EXERCISE BRIEF:
Copy each line from the entries that the word "MPair" appears in.

DATA RECORDS:
(* For every message $M$ and formula $\phi$: $\vdash\neg\langle M\rangle\phi\leftrightarrow\neg[M]\phi$.
   Context: Fix a finite set $\mathcal{A}$ of agent names containing a distinguished name $\mathsf{CM}$. Messages: $M ::= a \mid B \mid (M,M)$ ($a\in\mathcal{A}$, $B$ optional data constants, pairs). $\mathcal{P}$ is a denumerable set of propositional variables containing atoms $\mathsf{k}_a(M)$ ("$a$ knows $M$"). Formulas: $\phi ::= P \mid \phi\wedge\phi \mid \phi\vee\phi \mid \neg\phi \mid \phi\to\phi \mid [M]\phi$. Abbreviations: $\mathrm{true}:=\mathsf{k}_{\mathsf{CM}}(\mathsf{CM})$, $\mathrm{false}:=\neg\mathrm{true}$, $\phi\leftrightarrow\psi:=(\phi\to\psi)\wedge(\psi\to\phi)$, $\langle M\rangle\phi:=\neg\neg(\mathsf{k}_{\mathsf{CM}}(M)\wedge\phi)$. LIiP is the smallest set of formulas containing all instances of: the axioms of an adequate Hilbert axiomatization of intuitionistic propositional logic; $\mathsf{k}_a(a)$; $(\mathsf{k}_a(M)\wedge\mathsf{k}_a(M'))\leftrightarrow\mathsf{k}_a((M,M'))$; $[M]\mathsf{k}_{\mathsf{CM}}(M)$; $[M](\phi\to\psi)\to([M]\phi\to[M]\psi)$; $[M]\phi\to(\mathsf{k}_{\mathsf{CM}}(M)\to\phi)$; $[M]\phi\to\langle M\rangle\phi$; $\phi\to[M]\phi$; and closed under modus ponens and the rule: if $\mathsf{k}_{\mathsf{CM}}(M)\to\mathsf{k}_{\mathsf{CM}}(M')$ is in the set then so is $[M']\phi\to[M]\phi$ for every $\phi$. Write $\vdash\phi$ for $\phi\in\mathrm{LIiP}$. *)

theory Defs
  imports Main
begin

text \<open>Agent names: a finite type 'a (class finite); the distinguished name CM is
  a parameter cm.  Data constants: an arbitrary type 'b.\<close>

datatype ('a, 'b) msg = Agent 'a | Dat 'b | MPair "('a, 'b) msg" "('a, 'b) msg"

text \<open>Denumerable set of propositional variables containing the atoms k_a(M).\<close>
datatype ('a, 'b) pvar = Kn 'a "('a, 'b) msg" | PVar nat

datatype ('a, 'b) fm =
    Atom "('a, 'b) pvar"
  | And "('a, 'b) fm" "('a, 'b) fm"
  | Or "('a, 'b) fm" "('a, 'b) fm"
  | Neg "('a, 'b) fm"
  | Imp "('a, 'b) fm" "('a, 'b) fm"
  | Box "('a, 'b) msg" "('a, 'b) fm"

definition kn :: "'a \<Rightarrow> ('a, 'b) msg \<Rightarrow> ('a, 'b) fm" where
  "kn a M = Atom (Kn a M)"

definition TT :: "'a \<Rightarrow> ('a, 'b) fm" where
  "TT cm = kn cm (Agent cm)"

definition FF :: "'a \<Rightarrow> ('a, 'b) fm" where
  "FF cm = Neg (TT cm)"

definition Iff :: "('a, 'b) fm \<Rightarrow> ('a, 'b) fm \<Rightarrow> ('a, 'b) fm" where
  "Iff p q = And (Imp p q) (Imp q p)"

definition Dia :: "'a \<Rightarrow> ('a, 'b) msg \<Rightarrow> ('a, 'b) fm \<Rightarrow> ('a, 'b) fm" where
  "Dia cm M p = Neg (Neg (And (kn cm M) p))"

text \<open>LIiP, relative to the distinguished agent cm.  The intuitionistic
  propositional part uses the standard Hilbert axiomatization (Kleene) with
  primitive negation.\<close>
inductive_set LIiP :: "'a::finite \<Rightarrow> ('a, 'b) fm set" for cm :: 'a where
  ip1: "Imp p (Imp q p) \<in> LIiP cm"
| ip2: "Imp (Imp p (Imp q r)) (Imp (Imp p q) (Imp p r)) \<in> LIiP cm"
| ip3: "Imp (And p q) p \<in> LIiP cm"
| ip4: "Imp (And p q) q \<in> LIiP cm"
| ip5: "Imp p (Imp q (And p q)) \<in> LIiP cm"
| ip6: "Imp p (Or p q) \<in> LIiP cm"
| ip7: "Imp q (Or p q) \<in> LIiP cm"
| ip8: "Imp (Imp p r) (Imp (Imp q r) (Imp (Or p q) r)) \<in> LIiP cm"
| ip9: "Imp (Imp p q) (Imp (Imp p (Neg q)) (Neg p)) \<in> LIiP cm"
| ip10: "Imp (Neg p) (Imp p q) \<in> LIiP cm"
| kself: "kn a (Agent a) \<in> LIiP cm"
| kpair: "Iff (And (kn a M) (kn a M')) (kn a (MPair M M')) \<in> LIiP cm"
| boxk: "Box M (kn cm M) \<in> LIiP cm"
| boxK: "Imp (Box M (Imp p q)) (Imp (Box M p) (Box M q)) \<in> LIiP cm"
| boxT: "Imp (Box M p) (Imp (kn cm M) p) \<in> LIiP cm"
| boxD: "Imp (Box M p) (Dia cm M p) \<in> LIiP cm"
| boxI: "Imp p (Box M p) \<in> LIiP cm"
| mp: "\<lbrakk>Imp p q \<in> LIiP cm; p \<in> LIiP cm\<rbrakk> \<Longrightarrow> q \<in> LIiP cm"
| mono: "Imp (kn cm M) (kn cm M') \<in> LIiP cm \<Longrightarrow> Imp (Box M' p) (Box M p) \<in> LIiP cm"

end

theory Submission
  imports Defs
begin

text \<open>One direction is the contrapositive of axiom D, [M]\<phi> \<rightarrow> \<langle>M\<rangle>\<phi>.
  For the other, axiom \<phi> \<rightarrow> [M]\<phi> gives k(M) \<and> \<phi> \<rightarrow> [M]\<phi>, hence
  \<not>[M]\<phi> \<rightarrow> \<not>(k(M) \<and> \<phi>), and \<not>\<psi> \<rightarrow> \<not>\<not>\<not>\<psi> is an instance of double negation
  introduction.\<close>

lemma LIiP_imp_weaken: "q \<in> LIiP cm \<Longrightarrow> Imp p q \<in> LIiP cm"
  by (rule LIiP.mp[OF LIiP.ip1])

lemma LIiP_imp_mp: "Imp p (Imp q r) \<in> LIiP cm \<Longrightarrow> Imp p q \<in> LIiP cm \<Longrightarrow> Imp p r \<in> LIiP cm"
  by (rule LIiP.mp[OF LIiP.mp[OF LIiP.ip2]])

lemma LIiP_imp_refl: "Imp p p \<in> LIiP cm"
  by (rule LIiP_imp_mp[OF LIiP.ip1 LIiP.ip1])

lemma LIiP_imp_trans: "Imp p q \<in> LIiP cm \<Longrightarrow> Imp q r \<in> LIiP cm \<Longrightarrow> Imp p r \<in> LIiP cm"
  by (rule LIiP_imp_mp[OF LIiP_imp_weaken])

lemma LIiP_contrapos: "Imp p q \<in> LIiP cm \<Longrightarrow> Imp (Neg q) (Neg p) \<in> LIiP cm"
  by (rule LIiP_imp_trans[OF LIiP.ip1 LIiP.mp[OF LIiP.ip9]])

lemma LIiP_double_neg_intro: "Imp p (Neg (Neg p)) \<in> LIiP cm"
proof -
  have "Imp p (Imp (Imp (Neg p) p) (Imp (Imp (Neg p) (Neg p)) (Neg (Neg p)))) \<in> LIiP cm"
    by (rule LIiP_imp_weaken[OF LIiP.ip9])
  then have "Imp p (Imp (Imp (Neg p) (Neg p)) (Neg (Neg p))) \<in> LIiP cm"
    by (rule LIiP_imp_mp[OF _ LIiP.ip1])
  then show ?thesis
    by (rule LIiP_imp_mp[OF _ LIiP_imp_weaken[OF LIiP_imp_refl]])
qed

lemma LIiP_iffI: "Imp p q \<in> LIiP cm \<Longrightarrow> Imp q p \<in> LIiP cm \<Longrightarrow> Iff p q \<in> LIiP cm"
  unfolding Iff_def by (rule LIiP.mp[OF LIiP.mp[OF LIiP.ip5]])

theorem theorem2p14:
  fixes cm :: "'a::finite" and M :: "('a, 'b) msg" and \<phi> :: "('a, 'b) fm"
  shows "Iff (Neg (Dia cm M \<phi>)) (Neg (Box M \<phi>)) \<in> LIiP cm"
proof (rule LIiP_iffI)
  show "Imp (Neg (Dia cm M \<phi>)) (Neg (Box M \<phi>)) \<in> LIiP cm"
    by (rule LIiP_contrapos[OF LIiP.boxD])
  have "Imp (And (kn cm M) \<phi>) (Box M \<phi>) \<in> LIiP cm"
    by (rule LIiP_imp_trans[OF LIiP.ip4 LIiP.boxI])
  then have "Imp (Neg (Box M \<phi>)) (Neg (And (kn cm M) \<phi>)) \<in> LIiP cm"
    by (rule LIiP_contrapos)
  then show "Imp (Neg (Box M \<phi>)) (Neg (Dia cm M \<phi>)) \<in> LIiP cm"
    unfolding Dia_def by (rule LIiP_imp_trans[OF _ LIiP_double_neg_intro])
qed

end
(* Let $\mathcal{A}\subset\mathbb{R}^n$ be a nonempty compact set, $\Xi\subseteq\mathbb{R}^n$, $V:\mathbb{R}^n\to\mathbb{R}_+$ and $\Psi:\mathbb{R}^n\rightrightarrows\mathbb{R}^n$, and assume one of the following two settings holds: (i) $\Xi$ is nonempty, closed and convex, $\mathcal{A}$ is convex, and $V(y)=\tfrac12\|y-\mathbf{P}_{\mathcal{A}}(y)\|^2$; (ii) $\Xi=\mathbb{R}^n$ and $V$ is continuously differentiable with locally Lipschitz gradient, positive definite and radially unbounded with respect to $\mathcal{A}$. Assume $\Psi$ is SPSP with respect to $V$ on $\Xi$, and that there exists $\beta>0$ such that for all $y\in\Xi$ and all $s\in\Psi(y)$, $$\|s\|^2\le \beta\,\nabla V(y)^T s .$$ Then $\mathcal{A}$ is SPAS for the iterative method $y^+=\mathbf{P}_\Xi[y-\alpha s]$, $s\in\Psi(y)$, with parameter $\alpha>0$.
   Context: $\|\cdot\|$ is Euclidean; $\mathbf{P}_S$ is the orthogonal projection onto a nonempty closed convex set $S$. For compact $S$ and $r>0$: $\bar B_r(S)=\{x:\|x-\mathbf{P}_S(x)\|\le r\}$, $B_r(S)=\{x:\|x-\mathbf{P}_S(x)\|<r\}$ (distance to $S$). A function $V$ is positive definite w.r.t. a closed set $S$ if $V=0$ on $S$ and $V>0$ off $S$; it is radially unbounded w.r.t. $S$ (on a set $\Xi$) if for every $B\in\mathbb{R}$ there is $r>0$ with $V(x)>B$ for all $x$ (in $\Xi$) outside $\bar B_r(S)$. SPSP: Let $V:\mathbb{R}^n\to\mathbb{R}_+$ be differentiable, positive definite and radially unbounded w.r.t. compact $\mathcal{A}$, and let $\Xi$ strictly contain $\mathcal{A}$ (every point of $\mathcal{A}$ has an open ball around it contained in $\Xi$). $\Psi$ is semiglobally, practically, strictly pseudogradient (SPSP) w.r.t. $V$ on $\Xi$ if there exist $\epsilon\ge0$, $b\ge0$ such that $\nabla V(y)^Ts\ge -b$ for all $y\in\Xi\cap\bar B_\epsilon(\mathcal{A})$, $s\in\Psi(y)$, and for every $\sigma>\epsilon$ there is a continuous $\phi_{\sigma,\epsilon}:\mathbb{R}^n\to\mathbb{R}$, positive on $\Xi\cap(\bar B_\sigma(\mathcal{A})\setminus B_\epsilon(\mathcal{A}))$ and radially unbounded w.r.t. $\mathcal{A}$ on $\Xi$, with $\nabla V(y)^Ts\ge\phi_{\sigma,\epsilon}(y)$ for all $y\in\Xi\cap(\bar B_\sigma(\mathcal{A})\setminus B_\epsilon(\mathcal{A}))$, $s\in\Psi(y)$. SPAS (for the iteration with parameter $\alpha$; statements below concern every sequence $(y(t))_{t\in\mathbb{N}}$ with $y(0)\in\Xi$, $y(t+1)=\mathbf{P}_\Xi[y(t)-\alpha s(t)]$, $s(t)\in\Psi(y(t))$): $\mathcal{A}$ is practically stable if for some $\check\rho_s>0$ and every $\rho_s>\check\rho_s$ there exist $\delta>0$ and a nonempty set $P_s\subset(0,\infty)$ such that whenever $\alpha\in P_s$ and $y(0)\in\bar B_\delta(\mathcal{A})\cap\Xi$, $y(t)\in\bar B_{\rho_s}(\mathcal{A})\cap\Xi$ for all $t$. A compact $S$ is uniformly attractive on compact $\Omega$ if for every $\varepsilon>0$ with $\bar B_\varepsilon(S)\cap\Xi\subset\Omega\cap\Xi$ there is $T\in\mathbb{N}$ such that $y(t)\in\bar B_\varepsilon(S)$ whenever $y(0)\in\Omega$ and $t\ge T$. $\mathcal{A}$ is semiglobally practically attractive if for some $\check\rho_a>0$ and all $\sigma>\rho_a>\check\rho_a$ there is a nonempty $P_a\subset(0,\infty)$ such that whenever $\alpha\in P_a$, $\bar B_{\rho_a}(\mathcal{A})$ is uniformly attractive on $\bar B_\sigma(\mathcal{A})$. $\mathcal{A}$ is SPAS (semiglobally practically asymptotically stable) if it is practically stable and semiglobally practically attractive. *)

theory Defs
  imports "HOL-Analysis.Analysis"
begin
lemma sum_binomial_central_binom_oddharm:
  "(\<Sum>j=0..n. real ((p+j) choose j) * real ((2*(n-j)) choose (n-j)) * 4^j * oddharm (n-j))
     = (2::real) powi (2 * int n - 1) * real ((n+p+1) choose n) * (harm (n+p+1) - harm (p+1))
       - (\<Sum>j=1..n. real ((p+j) choose (j-1)) * 4^(j-1) * catalan (n-j) * (harm (p+j) - harm (p+1)))"
proof -
  have "(\<Sum>j=0..n. real ((p+j) choose j) * real ((2*(n-j)) choose (n-j)) * 4^j * oddharm (n-j))
        = weighted_conv (\<lambda>j q. real (multichoose q j)) 4 (\<lambda>k. central_binom k * oddharm k) n (Suc p)"
    unfolding weighted_conv_def multichoose_def central_binom_def by (simp add: atLeast0AtMost mult_ac)
  also have "\<dots> = weighted_conv binom_harm_diff 4 (case_nat (1/2) (\<lambda>k. - catalan k)) n (Suc p)"
    by (rule weighted_conv_central_binom_oddharm)
  also have "\<dots> = (2::real) powi (2 * int n - 1) * real ((n+p+1) choose n) * (harm (n+p+1) - harm (p+1))
       - (\<Sum>j=1..n. real ((p+j) choose (j-1)) * 4^(j-1) * catalan (n-j) * (harm (p+j) - harm (p+1)))"
    unfolding weighted_conv_case_nat binom_harm_diff_def two_powi_double_minus_one
      One_nat_def sum.atLeast1_atMost_eq
    by (simp add: sum_negf sum_subtractf algebra_simps diff_divide_distrib)
  finally show ?thesis .
qed

lemma sum_central_binom_oddharm_div_pow4:
  "(\<Sum>j=0..n. real ((2*j) choose j) * oddharm j / 4^j)
     = (real n + 1) / 2 * (harm (n+1) - 1) - (\<Sum>j=1..n. real j * catalan (n-j) / 4^(n+1-j) * (harm j - 1))"
  (is "?L = (real n + 1) / 2 * (harm (n+1) - 1) - ?S")
proof -
  have "(\<Sum>j=1..n. real (j choose (j-1)) * 4^(j-1) * catalan (n-j) * (harm j - harm 1))
        = (\<Sum>j=1..n. real j * 4^(j-1) * catalan (n-j) * (harm j - 1))"
  proof (intro sum.cong refl)
    fix j assume "j \<in> {1..n}"
    then have "j choose (j - 1) = j"
      using binomial_symmetric[of "j - 1" j] by simp
    then show "real (j choose (j-1)) * 4^(j-1) * catalan (n-j) * (harm j - harm 1)
               = real j * 4^(j-1) * catalan (n-j) * (harm j - 1)"
      by (simp add: harm_expand)
  qed
  moreover have "(\<Sum>j=0..n. real ((2*(n-j)) choose (n-j)) * 4^j * oddharm (n-j))
        = 4^n / 2 * real ((n+1) choose n) * (harm (n+1) - harm 1)
          - (\<Sum>j=1..n. real (j choose (j-1)) * 4^(j-1) * catalan (n-j) * (harm j - harm 1))"
    using sum_binomial_central_binom_oddharm[where p = 0]
    by (simp only: add_0 add_0_right binomial_n_n of_nat_1 mult_1_left two_powi_double_minus_one)
  ultimately have special: "(\<Sum>j=0..n. real ((2*(n-j)) choose (n-j)) * 4^j * oddharm (n-j))
        = 4^n / 2 * (real n + 1) * (harm (n+1) - 1) - (\<Sum>j=1..n. real j * 4^(j-1) * catalan (n-j) * (harm j - 1))"
    by (simp add: harm_expand)
  have "(\<Sum>j=0..n. real ((2*(n-j)) choose (n-j)) * 4^j * oddharm (n-j)) = 4^n * ?L"
    unfolding sum_distrib_left
    by (subst (2) sum.atLeastAtMost_rev) (auto intro!: sum.cong simp: field_simps simp flip: power_add)
  moreover have "(\<Sum>j=1..n. real j * 4^(j-1) * catalan (n-j) * (harm j - 1)) = 4^n * ?S"
    unfolding sum_distrib_left
    by (auto intro!: sum.cong simp: field_simps simp flip: power_add)
  ultimately have "4^n * ?L = 4^n * ((real n + 1) / 2 * (harm (n+1) - 1) - ?S)"
    using special by (simp add: algebra_simps)
  then show ?thesis
    by simp
qed
lemma span2_subset: "x \<in> span2 u w \<Longrightarrow> y \<in> span2 u w \<Longrightarrow> span2 x y \<subseteq> span2 u w"
proof
  fix z assume "x \<in> span2 u w" "y \<in> span2 u w" "z \<in> span2 x y"
  then obtain a b where "z = lincomb a x b y" unfolding span2_def lincomb_def by blast
  thus "z \<in> span2 u w" using span2_lincomb \<open>x \<in> span2 u w\<close> \<open>y \<in> span2 u w\<close> by blast
qed

lemma line_through_point:
  fixes Q :: "4 \<Rightarrow> 'a::field"
  assumes "is_line L" "Q \<in> L" "nonzero_vec Q"
  obtains v where "lin_indep2 Q v" "L = span2 Q v"
proof -
  obtain u w where uw: "lin_indep2 u w" "L = span2 u w" using assms(1) unfolding is_line_def by blast
  obtain a b where Q: "Q = lincomb a u b w" using assms(2) uw(2) unfolding span2_def lincomb_def by blast
  have ab: "a \<noteq> 0 \<or> b \<noteq> 0" using assms(3) Q unfolding nonzero_vec_def lincomb_def by auto
  text \<open>Exchange Q for a basis vector with nonzero coefficient.\<close>
  have exchange: "\<exists>v. lin_indep2 Q v \<and> span2 Q v = span2 u w"
    if indep: "lin_indep2 u w" and Q: "Q = lincomb a u b w" and a: "a \<noteq> 0" for u w a b
  proof (intro exI conjI)
    show "lin_indep2 Q w" unfolding lin_indep2_def
    proof (intro allI impI)
      fix \<alpha> \<beta> assume "\<forall>i. \<alpha> * Q i + \<beta> * w i = 0"
      hence "\<forall>i. (\<alpha>*a) * u i + (\<alpha>*b + \<beta>) * w i = 0" unfolding Q lincomb_def by (simp add: algebra_simps)
      hence "\<alpha>*a = 0 \<and> \<alpha>*b + \<beta> = 0" using indep unfolding lin_indep2_def by blast
      thus "\<alpha> = 0 \<and> \<beta> = 0" using a by auto
    qed
    have "u = lincomb (1/a) Q (-b/a) w" unfolding Q lincomb_def using a by (simp add: fun_eq_iff field_simps)
    hence "u \<in> span2 Q w" using span2_in_span2 by metis
    hence "span2 u w \<subseteq> span2 Q w" by (rule span2_subset[OF _ span2_right])
    moreover have "span2 Q w \<subseteq> span2 u w" unfolding Q by (rule span2_subset[OF span2_in_span2 span2_right])
    ultimately show "span2 Q w = span2 u w" by blast
  qed
  show thesis
  proof (cases "a \<noteq> 0")
    case True
    then obtain v where "lin_indep2 Q v" "span2 Q v = span2 u w" using exchange[OF uw(1) Q] by blast
    thus thesis using that uw(2) by simp
  next
    case False
    hence "b \<noteq> 0" using ab by simp
    moreover have "lin_indep2 w u" using uw(1) unfolding lin_indep2_def by (metis add.commute)
    moreover have "Q = lincomb b w a u" unfolding Q lincomb_def by (simp add: add.commute)
    ultimately obtain v where "lin_indep2 Q v" "span2 Q v = span2 w u" using exchange by blast
    moreover have "span2 w u = span2 u w"
      by (intro equalityI span2_subset span2_left span2_right)
    ultimately show thesis using that uw(2) by simp
  qed
qed
theory Submission
  imports Defs
begin

text \<open>The positions outside \<open>E4\<close> are \<open>(1,1)\<close> and the two blocks
  \<open>{2,3} \<times> {4,5}\<close> and \<open>{4,5} \<times> {2,3}\<close>. A code of dimension at least 3
  contains a nonzero word vanishing on any two prescribed coordinates. Take
  \<open>a, c \<in> C\<^sub>c\<^sub>o\<^sub>l\<close> vanishing on \<open>{4,5}\<close> and \<open>{2,3}\<close>, and
  \<open>b, d \<in> C\<^sub>r\<^sub>o\<^sub>w\<close> vanishing on \<open>{4,5}\<close> and \<open>{2,3}\<close>: the outer
  products \<open>a \<otimes> b\<close> and \<open>c \<otimes> d\<close> vanish on the two blocks, and since \<open>a\<close> is
  nonzero in row 2 or 3, where \<open>c\<close> vanishes, some nonzero combination of them vanishes at
  \<open>(1,1)\<close> as well. If \<open>a\<close> is instead supported on row 1, then \<open>a \<otimes> q\<close> with
  \<open>0 \<noteq> q \<in> C\<^sub>r\<^sub>o\<^sub>w\<close>, \<open>q 1 = 0\<close> does the job. A nonzero codeword
  vanishing off the erasures is indistinguishable from \<open>0\<close>. Regularity is a finite check.\<close>

interpretation fscale: vector_space "fscale :: 'a::field \<Rightarrow> (nat \<Rightarrow> 'a) \<Rightarrow> _"
  by unfold_locales (auto simp: fscale_def fun_eq_iff algebra_simps)

lemma sum_fun_apply:
  "finite A \<Longrightarrow> (\<Sum>a\<in>A. f a) x = (\<Sum>a\<in>A. f a x :: 'b::comm_monoid_add)"
  by (induction A rule: finite_induct) auto

lemma fscale_linear_restrict:
  "Vector_Spaces.linear fscale fscale (\<lambda>(x :: nat \<Rightarrow> 'a::field) i. if i \<in> Z then x i else 0)"
  by (auto simp: Vector_Spaces.linear_iff fscale_def fun_eq_iff fscale.vector_space_axioms)

lemma fscale_dim_le_card_support:
  fixes S :: "(nat \<Rightarrow> 'a::field) set"
  assumes "finite Z" and "\<And>x i. x \<in> S \<Longrightarrow> i \<notin> Z \<Longrightarrow> x i = 0"
  shows "fscale.dim S \<le> card Z"
proof -
  define W :: "(nat \<Rightarrow> 'a) set" where "W = (\<lambda>z i. if i = z then 1 else 0) ` Z"
  have "x = (\<Sum>z\<in>Z. fscale (x z) (\<lambda>i. if i = z then 1 else 0))" if "x \<in> S" for x
    using assms that by (auto simp: fun_eq_iff fscale_def sum_fun_apply if_distrib[of "(*) _"] cong: if_cong)
  then have "S \<subseteq> fscale.span W"
    by (metis (no_types, lifting) W_def fscale.span_base fscale.span_scale fscale.span_sum imageI subsetI)
  then have "fscale.dim S \<le> card W"
    using assms(1) by (simp add: W_def fscale.dim_le_card)
  also have "\<dots> \<le> card Z"
    using assms(1) by (simp add: W_def card_image_le)
  finally show ?thesis .
qed

lemma fscale_subspace_nonzero_vanishing_on:
  fixes C :: "(nat \<Rightarrow> 'a::field) set"
  assumes C: "fscale.subspace C" and dim: "k \<le> fscale.dim C"
    and Z: "finite Z" "card Z < k"
  shows "\<exists>x\<in>C. x \<noteq> 0 \<and> (\<forall>z\<in>Z. x z = 0)"
proof (rule ccontr)
  define r :: "(nat \<Rightarrow> 'a) \<Rightarrow> nat \<Rightarrow> 'a" where "r x = (\<lambda>i. if i \<in> Z then x i else 0)" for x
  interpret r: Vector_Spaces.linear fscale fscale r
    unfolding r_def by (rule fscale_linear_restrict)
  assume "\<not> ?thesis"
  then have inj: "inj_on r C"
    using r.inj_on_iff_eq_0[OF C] by (auto simp: r_def fun_eq_iff)
  obtain B where B: "B \<subseteq> C" "fscale.independent B" "C \<subseteq> fscale.span B" "card B = fscale.dim C"
    using fscale.basis_exists by blast
  have "fscale.span B \<subseteq> C"
    using B(1) C by (rule fscale.span_minimal)
  with inj have inj_span: "inj_on r (fscale.span B)"
    by (rule inj_on_subset)
  have "fscale.dim C = card (r ` B)"
    using B(4) inj_span fscale.span_superset by (metis card_image inj_on_subset)
  also have "\<dots> = fscale.dim (r ` B)"
    using r.independent_injective_image[OF B(2) inj_span] by (simp add: fscale.dim_eq_card_independent)
  also have "\<dots> \<le> card Z"
    using Z(1) by (rule fscale_dim_le_card_support) (auto simp: r_def)
  finally show False
    using dim Z(2) by linarith
qed

definition outer_prod :: "(nat \<Rightarrow> 'a::times) \<Rightarrow> (nat \<Rightarrow> 'a) \<Rightarrow> nat \<times> nat \<Rightarrow> 'a" where
  "outer_prod a b = (\<lambda>(i, j). a i * b j)"

lemma outer_prod_eq_0_iff:
  "outer_prod a b = 0 \<longleftrightarrow> a = 0 \<or> (b :: nat \<Rightarrow> 'a::semiring_no_zero_divisors) = 0"
proof
  assume "outer_prod a b = 0"
  then have "a i * b j = 0" for i j
    by (metis case_prod_conv outer_prod_def zero_fun_def)
  then show "a = 0 \<or> b = 0"
    by (auto simp: fun_eq_iff)
qed (auto simp: outer_prod_def fun_eq_iff)

lemma outer_prod_in_tensor_code:
  assumes "fscale.subspace C1" "fscale.subspace C2" "a \<in> C1" "b \<in> C2"
  shows "outer_prod a b \<in> tensor_code C1 C2"
proof -
  have "(\<lambda>i. a i * b j) \<in> C1" for j
    using fscale.subspace_scale[OF assms(1,3), of "b j"] by (simp add: fscale_def mult.commute)
  moreover have "(\<lambda>j. a i * b j) \<in> C2" for i
    using fscale.subspace_scale[OF assms(2,4), of "a i"] by (simp add: fscale_def)
  ultimately show ?thesis
    by (simp add: tensor_code_def outer_prod_def)
qed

TASK RESULT:
datatype ('a, 'b) msg = Agent 'a | Dat 'b | MPair "('a, 'b) msg" "('a, 'b) msg"
| kpair: "Iff (And (kn a M) (kn a M')) (kn a (MPair M M')) \<in> LIiP cm"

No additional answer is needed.